● EXERCISE AIM:
Within the entries below, count the lines that hold the string "UNIV" and give only that number.
"""
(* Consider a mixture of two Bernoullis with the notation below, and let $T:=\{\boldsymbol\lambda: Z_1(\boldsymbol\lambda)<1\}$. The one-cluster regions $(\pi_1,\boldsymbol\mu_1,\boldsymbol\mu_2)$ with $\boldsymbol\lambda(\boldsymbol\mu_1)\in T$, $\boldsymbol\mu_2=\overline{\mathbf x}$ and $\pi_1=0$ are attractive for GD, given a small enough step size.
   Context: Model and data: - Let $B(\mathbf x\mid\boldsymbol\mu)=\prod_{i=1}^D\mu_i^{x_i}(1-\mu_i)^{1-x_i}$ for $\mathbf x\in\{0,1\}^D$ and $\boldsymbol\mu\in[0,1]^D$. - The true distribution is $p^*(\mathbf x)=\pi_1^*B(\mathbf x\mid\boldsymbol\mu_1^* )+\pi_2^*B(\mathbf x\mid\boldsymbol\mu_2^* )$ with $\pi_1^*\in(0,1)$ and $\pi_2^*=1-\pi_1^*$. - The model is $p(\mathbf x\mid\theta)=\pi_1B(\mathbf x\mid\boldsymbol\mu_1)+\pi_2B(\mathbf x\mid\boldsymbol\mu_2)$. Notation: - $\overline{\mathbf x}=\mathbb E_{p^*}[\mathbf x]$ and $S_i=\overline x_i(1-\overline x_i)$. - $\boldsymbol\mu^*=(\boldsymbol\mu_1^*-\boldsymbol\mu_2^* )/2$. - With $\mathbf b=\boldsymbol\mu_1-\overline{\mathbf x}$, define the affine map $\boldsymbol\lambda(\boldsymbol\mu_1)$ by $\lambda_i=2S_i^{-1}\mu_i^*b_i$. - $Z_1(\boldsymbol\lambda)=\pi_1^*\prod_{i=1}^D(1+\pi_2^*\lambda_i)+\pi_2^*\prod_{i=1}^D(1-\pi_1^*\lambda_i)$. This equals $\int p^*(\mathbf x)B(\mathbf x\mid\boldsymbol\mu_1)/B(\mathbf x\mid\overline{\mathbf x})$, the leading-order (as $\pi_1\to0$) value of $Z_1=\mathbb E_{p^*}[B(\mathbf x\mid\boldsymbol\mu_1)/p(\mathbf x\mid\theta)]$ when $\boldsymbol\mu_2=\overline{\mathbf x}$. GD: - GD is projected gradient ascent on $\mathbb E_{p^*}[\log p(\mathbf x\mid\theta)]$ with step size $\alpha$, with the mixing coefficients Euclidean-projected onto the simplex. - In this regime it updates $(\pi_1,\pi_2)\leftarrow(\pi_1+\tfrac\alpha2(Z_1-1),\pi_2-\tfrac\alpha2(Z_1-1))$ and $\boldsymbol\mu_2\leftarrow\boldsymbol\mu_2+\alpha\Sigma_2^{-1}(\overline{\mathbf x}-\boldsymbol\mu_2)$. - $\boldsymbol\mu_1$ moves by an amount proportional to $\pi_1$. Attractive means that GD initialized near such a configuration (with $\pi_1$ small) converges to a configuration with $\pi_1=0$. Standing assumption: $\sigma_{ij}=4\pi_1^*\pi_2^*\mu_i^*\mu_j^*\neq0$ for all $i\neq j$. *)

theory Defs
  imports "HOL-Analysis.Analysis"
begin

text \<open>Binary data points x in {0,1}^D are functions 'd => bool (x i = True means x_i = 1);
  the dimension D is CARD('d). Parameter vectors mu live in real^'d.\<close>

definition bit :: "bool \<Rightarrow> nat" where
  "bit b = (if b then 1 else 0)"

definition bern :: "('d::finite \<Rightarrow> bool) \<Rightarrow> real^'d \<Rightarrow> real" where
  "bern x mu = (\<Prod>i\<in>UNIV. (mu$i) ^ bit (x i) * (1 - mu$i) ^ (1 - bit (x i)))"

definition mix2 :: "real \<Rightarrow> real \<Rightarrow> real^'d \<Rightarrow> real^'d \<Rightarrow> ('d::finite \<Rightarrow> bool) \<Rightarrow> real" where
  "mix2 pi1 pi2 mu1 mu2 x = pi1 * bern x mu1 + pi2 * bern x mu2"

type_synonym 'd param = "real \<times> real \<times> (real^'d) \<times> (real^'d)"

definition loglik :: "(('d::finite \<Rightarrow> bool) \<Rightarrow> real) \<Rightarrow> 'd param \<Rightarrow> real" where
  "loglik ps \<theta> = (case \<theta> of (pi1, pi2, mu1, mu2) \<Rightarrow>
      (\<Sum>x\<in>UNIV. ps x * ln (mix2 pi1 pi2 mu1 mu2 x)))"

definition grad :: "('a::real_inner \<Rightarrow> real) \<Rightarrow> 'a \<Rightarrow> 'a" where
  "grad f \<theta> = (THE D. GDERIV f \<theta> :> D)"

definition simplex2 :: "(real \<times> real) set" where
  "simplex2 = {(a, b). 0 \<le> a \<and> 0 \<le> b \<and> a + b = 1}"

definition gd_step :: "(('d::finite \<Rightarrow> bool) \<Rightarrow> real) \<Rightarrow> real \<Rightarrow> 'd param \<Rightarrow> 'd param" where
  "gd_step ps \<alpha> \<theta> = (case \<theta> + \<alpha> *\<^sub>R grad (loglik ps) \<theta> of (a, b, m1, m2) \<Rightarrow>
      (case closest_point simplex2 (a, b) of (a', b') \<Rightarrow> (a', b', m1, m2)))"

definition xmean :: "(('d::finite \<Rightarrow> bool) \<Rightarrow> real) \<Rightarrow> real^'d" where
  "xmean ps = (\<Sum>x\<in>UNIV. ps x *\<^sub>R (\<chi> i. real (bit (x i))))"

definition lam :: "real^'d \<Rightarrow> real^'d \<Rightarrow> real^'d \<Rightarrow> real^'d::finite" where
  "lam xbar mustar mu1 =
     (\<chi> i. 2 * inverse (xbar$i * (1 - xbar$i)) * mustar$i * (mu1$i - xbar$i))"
"""
● TASK SOLUTION:
3